Anyone know of any freshwater lakes that you can run a your motor in within an hour of crestview? I think I have given up on the idea of putting my boat in the creeks. thanks much and I appreciate any info.


----------



## Jason (Oct 2, 2007)

Look to the north....Lake Jackson in Florala unless you are wanting FL only....


----------



## Yakavelli (Mar 17, 2010)

Not sure about the drive time, but Lakes Talquin and Seminole aren't too terribly far to the east. Worth the trip. Merritts Mill Pond in Marriana is good too. Watch for stumps in all three.


----------



## Splittine (Nov 24, 2007)

I wouldn't give up on the rivers. They are some if the best fishing in the area. I think you are over thinking the stump situation.


----------



## jeepNfool (Oct 23, 2008)

Lake Jackson is the closest to us..


----------



## FishWalton (Jul 22, 2010)

You might want to consider Juniper Lake just north of DeFuniak. It's about 350 acres, full of snags so fish slow and carefully. There are channels marked through the snags with pvc pipe so you can get across the lake without boat hanging up.


----------



## drifterfisher (Oct 9, 2009)

Splittine said:


> I wouldn't give up on the rivers. They are some if the best fishing in the area. I think you are over thinking the stump situation.


What he said. If you want,when the river gets right again I'll take you on my boat one day so you can see just how nice the rivers are around here.
Personally I think there is better fishing on the river than most of the bigger lakes right around here.


----------



## Yakavelli (Mar 17, 2010)

drifterfisher said:


> What he said. If you want,when the river gets right again I'll take you on my boat one day so you can see just how nice the rivers are around here.
> Personally I think there is better fishing on the river than most of the bigger lakes right around here.


The river is better by far...around here. Our lakes are nothing more than a tease unless you hit them on a perfect day by some chance in hell. At least that's how I see 'em. Our best lakes are the ones connected to the river...go figure.

Wish we had a Lake Seminole or a Talquin close by.


----------



## barefoot (Nov 3, 2011)

drifterfisher said:


> What he said. If you want,when the river gets right again I'll take you on my boat one day so you can see just how nice the rivers are around here.
> Personally I think there is better fishing on the river than most of the bigger lakes right around here.

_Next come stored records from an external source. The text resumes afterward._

(* For each $t$, the iterate $(x_t,y_t)$ satisfies \[ \sum_{n<t}\bar L_n(x_t,y_t)\ge\min_{x\in\mathcal{X}}\max_{y\in\mathcal{Y}}\sum_{n<t}\bar L_n(x,y), \] and \[ \min_{x\in\mathcal{X}}\max_{y\in\mathcal{Y}}\sum_{n<t}\bar L_n(x,y)-\theta_t^\top x_t^{**}\ge\sum_{n<t}\bar L_n(x_t,y_t)-\theta_t^\top x_t, \] where $x_t^{**}\in\arg\min_{x\in\mathcal{X}}\max_{y\in\mathcal{Y}}\sum_{n<t}\bar L_n(x,y)$.
   Context: Let $\mathcal{X}\subseteq\mathbb{R}^d$ be compact. For $t=1,\dots,T$, $f_t,c_{it}:\mathcal{X}\to\mathbb{R}$ ($i=1,\dots,I$) are $G_0$-Lipschitz w.r.t. $\ell_1$, $b_i\ge0$, and for $y=(\gamma_1,\dots,\gamma_I)$, $L_t(x,y)=f_t(x)+\sum_i\gamma_i[c_{it}(x)-b_i]$. Fix $\lambda>0$, $y_{\max}>0$, $\mathcal{Y}=[0,y_{\max}]^I$, and $\bar L_n(x,y)=L_n(x,y)+\frac{\lambda}{n^{1/9}}\sum_i\log(\gamma_i+1)$. A global minimax point of $h$ on $\mathcal{X}\times\mathcal{Y}$ is $(x^*,y^* )$ with $h(x^*,y)\le h(x^*,y^* )\le\max_{y'\in\mathcal{Y}}h(x,y')$ for all $x,y$. Algorithm (FTDPL with $M=1$): $\eta=T^{-2/3}$; at each period $t$, draw $\theta_t\in\mathbb{R}^d$ with i.i.d. coordinates exponentially distributed with parameter $\eta$, and let $(x_t,y_t)$ be a global minimax point of $(x,y)\mapsto\sum_{n<t}\bar L_n(x,y)-\theta_t^\top x$ on $\mathcal{X}\times\mathcal{Y}$. *)

theory Defs
  imports "HOL-Analysis.Analysis"
begin

definition l1_dist :: "real ^ 'd \<Rightarrow> real ^ 'd \<Rightarrow> real" where
  "l1_dist x x' = (\<Sum>j\<in>UNIV. \<bar>x $ j - x' $ j\<bar>)"

definition lipschitz_l1 :: "(real ^ 'd) set \<Rightarrow> real \<Rightarrow> (real ^ 'd \<Rightarrow> real) \<Rightarrow> bool" where
  "lipschitz_l1 X G g \<longleftrightarrow> (\<forall>x\<in>X. \<forall>x'\<in>X. \<bar>g x - g x'\<bar> \<le> G * l1_dist x x')"

definition Ybox :: "real \<Rightarrow> (real ^ 'i) set" where
  "Ybox ymax = {y. \<forall>i. 0 \<le> y $ i \<and> y $ i \<le> ymax}"

definition Lag :: "(nat \<Rightarrow> real ^ 'd \<Rightarrow> real) \<Rightarrow> (nat \<Rightarrow> 'i::finite \<Rightarrow> real ^ 'd \<Rightarrow> real)
    \<Rightarrow> real ^ 'i \<Rightarrow> nat \<Rightarrow> real ^ 'd \<Rightarrow> real ^ 'i \<Rightarrow> real" where
  "Lag f c b n x y = f n x + (\<Sum>i\<in>UNIV. y $ i * (c n i x - b $ i))"

definition Lbar :: "real \<Rightarrow> (nat \<Rightarrow> real ^ 'd \<Rightarrow> real) \<Rightarrow> (nat \<Rightarrow> 'i::finite \<Rightarrow> real ^ 'd \<Rightarrow> real)
    \<Rightarrow> real ^ 'i \<Rightarrow> nat \<Rightarrow> real ^ 'd \<Rightarrow> real ^ 'i \<Rightarrow> real" where
  "Lbar lam f c b n x y = Lag f c b n x y
     + lam / (real n powr (1/9)) * (\<Sum>i\<in>UNIV. ln (y $ i + 1))"

text \<open>Cumulative regularized Lagrangian sum_{n<t} bar L_n (periods are 1,2,...).\<close>
definition cumLbar :: "real \<Rightarrow> (nat \<Rightarrow> real ^ 'd \<Rightarrow> real) \<Rightarrow> (nat \<Rightarrow> 'i::finite \<Rightarrow> real ^ 'd \<Rightarrow> real)
    \<Rightarrow> real ^ 'i \<Rightarrow> nat \<Rightarrow> real ^ 'd \<Rightarrow> real ^ 'i \<Rightarrow> real" where
  "cumLbar lam f c b t x y = (\<Sum>n\<in>{1..<t}. Lbar lam f c b n x y)"

definition global_minimax :: "('a \<Rightarrow> 'b \<Rightarrow> real) \<Rightarrow> 'a set \<Rightarrow> 'b set \<Rightarrow> 'a \<Rightarrow> 'b \<Rightarrow> bool" where
  "global_minimax h X Y xs ys \<longleftrightarrow> xs \<in> X \<and> ys \<in> Y \<and>
     (\<forall>x\<in>X. \<forall>y\<in>Y. h xs y \<le> h xs ys \<and> h xs ys \<le> (SUP y'\<in>Y. h x y'))"

end

theory Submission
  imports Defs
begin

text \<open>Write \<open>S x = SUP y\<in>Y. h x y\<close>. If \<open>(x\<^sub>t, y\<^sub>t)\<close> is a global minimax point of
  \<open>h x y - p x\<close>, then maximality in \<open>y\<close> gives \<open>S x\<^sub>t \<le> h x\<^sub>t y\<^sub>t\<close>, and minimality in \<open>x\<close>
  gives \<open>h x\<^sub>t y\<^sub>t - p x\<^sub>t \<le> S x - p x\<close> for every \<open>x\<close>; taking \<open>x\<close> to be a minimiser of
  \<open>S\<close> yields the second inequality, and the first follows because \<open>S x\<^sub>t\<close> dominates the
  infimum of \<open>S\<close>. The only analytic input is that these suprema and infima are finite:
  the cumulative regularised Lagrangian is continuous in \<open>y\<close> on the compact box \<open>Y\<close>
  (the logarithms are taken at arguments \<open>\<ge> 1\<close>), and \<open>x \<mapsto> \<theta>\<^sup>T x\<close> is bounded on the
  compact set \<open>X\<close>.\<close>

lemma global_minimax_SUP_le:
  fixes h :: "'a \<Rightarrow> 'b \<Rightarrow> real"
  assumes "global_minimax (\<lambda>x y. h x y - p x) X Y xs ys"
  shows "(SUP y\<in>Y. h xs y) \<le> h xs ys"
proof -
  have "ys \<in> Y" and "\<And>y. y \<in> Y \<Longrightarrow> h xs y \<le> h xs ys"
    using assms by (auto simp: global_minimax_def)
  then show ?thesis
    by (intro cSUP_least) auto
qed

lemma global_minimax_le_SUP_diff:
  fixes h :: "'a \<Rightarrow> 'b \<Rightarrow> real"
  assumes minimax: "global_minimax (\<lambda>x y. h x y - p x) X Y xs ys"
    and bdd: "bdd_above (h x ` Y)"
    and "x \<in> X"
  shows "h xs ys - p xs \<le> (SUP y\<in>Y. h x y) - p x"
proof -
  have "Y \<noteq> {}"
    using minimax by (auto simp: global_minimax_def)
  have "h xs ys - p xs \<le> (SUP y\<in>Y. h x y - p x)"
    using minimax \<open>x \<in> X\<close> by (auto simp: global_minimax_def)
  also have "\<dots> = (SUP y\<in>Y. - p x + h x y)"
    by simp
  also have "\<dots> = - p x + (SUP y\<in>Y. h x y)"
    by (rule Sup_add_eq[OF bdd \<open>Y \<noteq> {}\<close>])
  finally show ?thesis
    by simp
qed

lemma global_minimax_INF_SUP_le:
  fixes h :: "'a \<Rightarrow> 'b \<Rightarrow> real"
  assumes minimax: "global_minimax (\<lambda>x y. h x y - p x) X Y xs ys"
    and bdd_h: "\<And>x. x \<in> X \<Longrightarrow> bdd_above (h x ` Y)"
    and bdd_p: "bdd_below (p ` X)"
  shows "(INF x\<in>X. SUP y\<in>Y. h x y) \<le> h xs ys"
proof -
  obtain P where P: "\<And>x. x \<in> X \<Longrightarrow> P \<le> p x"
    using bdd_p by (auto simp: bdd_below_def)
  have "h xs ys - p xs + P \<le> (SUP y\<in>Y. h x y)" if "x \<in> X" for x
    using global_minimax_le_SUP_diff[OF minimax bdd_h[OF that] that] P[OF that] by linarith
  then have "bdd_below ((\<lambda>x. SUP y\<in>Y. h x y) ` X)"
    by (rule bdd_belowI2)
  moreover have "xs \<in> X"
    using minimax by (simp add: global_minimax_def)
  ultimately have "(INF x\<in>X. SUP y\<in>Y. h x y) \<le> (SUP y\<in>Y. h xs y)"
    by (rule cINF_lower)
  also have "\<dots> \<le> h xs ys"
    using minimax by (rule global_minimax_SUP_le)
  finally show ?thesis .
qed

lemma Ybox_eq_cbox: "Ybox ymax = cbox 0 (\<chi> _. ymax)"
  by (auto simp: Ybox_def mem_box_cart)

lemma continuous_on_cumLbar_Ybox:
  "continuous_on (Ybox ymax) (cumLbar lam f c b t x)"
proof -
  have "y $ i + 1 \<noteq> 0" if "y \<in> Ybox ymax" for y :: "real ^ 'i" and i
  proof -
    have "0 \<le> y $ i"
      using that by (simp add: Ybox_def)
    then show ?thesis
      by linarith
  qed
  then show ?thesis
    unfolding cumLbar_def Lbar_def Lag_def
    by (intro continuous_intros) auto
qed

lemma bdd_above_cumLbar_Ybox:
  "bdd_above (cumLbar lam f c b t x ` Ybox ymax)"
proof -
  have "compact (cumLbar lam f c b t x ` Ybox ymax)"
    by (intro compact_continuous_image continuous_on_cumLbar_Ybox) (simp add: Ybox_eq_cbox)
  then show ?thesis
    by (intro bounded_imp_bdd_above compact_imp_bounded)
qed

lemma bdd_below_inner_compact:
  fixes X :: "'a::real_inner set"
  assumes "compact X"
  shows "bdd_below ((\<lambda>x. theta \<bullet> x) ` X)"
  using assms by (intro bounded_imp_bdd_below compact_imp_bounded compact_continuous_image
      continuous_intros)

theorem lemma5:
  fixes X :: "(real ^ 'd) set"
    and f :: "nat \<Rightarrow> real ^ 'd \<Rightarrow> real"
    and c :: "nat \<Rightarrow> 'i::finite \<Rightarrow> real ^ 'd \<Rightarrow> real"
    and b :: "real ^ 'i"
    and G0 lam ymax :: real
    and T t :: nat
    and theta :: "real ^ 'd"
    and xt xss :: "real ^ 'd" and yt :: "real ^ 'i"
  assumes "compact X"
    and "\<And>n. n \<in> {1..T} \<Longrightarrow> lipschitz_l1 X G0 (f n)"
    and "\<And>n i. n \<in> {1..T} \<Longrightarrow> lipschitz_l1 X G0 (c n i)"
    and "\<And>i. b $ i \<ge> 0"
    and "lam > 0" and "ymax > 0"
    and "t \<in> {1..T}"
    and "\<And>j. theta $ j \<ge> 0"
    and "global_minimax (\<lambda>x y. cumLbar lam f c b t x y - theta \<bullet> x) X (Ybox ymax) xt yt"
    and "xss \<in> X"
    and "(SUP y\<in>Ybox ymax. cumLbar lam f c b t xss y)
           = (INF x\<in>X. SUP y\<in>Ybox ymax. cumLbar lam f c b t x y)"
  shows "cumLbar lam f c b t xt yt \<ge> (INF x\<in>X. SUP y\<in>Ybox ymax. cumLbar lam f c b t x y)
       \<and> (INF x\<in>X. SUP y\<in>Ybox ymax. cumLbar lam f c b t x y) - theta \<bullet> xss
           \<ge> cumLbar lam f c b t xt yt - theta \<bullet> xt"
proof
  show "(INF x\<in>X. SUP y\<in>Ybox ymax. cumLbar lam f c b t x y) \<le> cumLbar lam f c b t xt yt"
    using assms(9) bdd_above_cumLbar_Ybox bdd_below_inner_compact[OF assms(1)]
    by (rule global_minimax_INF_SUP_le)
  show "cumLbar lam f c b t xt yt - theta \<bullet> xt
      \<le> (INF x\<in>X. SUP y\<in>Ybox ymax. cumLbar lam f c b t x y) - theta \<bullet> xss"
    using global_minimax_le_SUP_diff[OF assms(9) bdd_above_cumLbar_Ybox assms(10)] assms(11)
    by simp
qed

end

I absolutely agree, we have some of the best river fishing around.


----------



## drifterfisher (Oct 9, 2009)

Yakavelli said:


> Wish we had a Lake Seminole or a Talquin close by.


Your preachin to the choir....


----------



## FishWalton (Jul 22, 2010)

I agree river fishing is probably better than a local lake.But when the river is like it is right now a lake is a good alternative.....that is unless you know how to fish very high water in the river.


----------



## drifterfisher (Oct 9, 2009)

fishwalton said:


> I agree river fishing is probably better than a local lake.But when the river is like it is right now a lake is a good alternative.....that is unless you know how to fish very high water in the river.


I have fish when the river is high a few times,wasn't productive for me. Very few and FAR between. I think it was dumb luck more than any kind of skill.


----------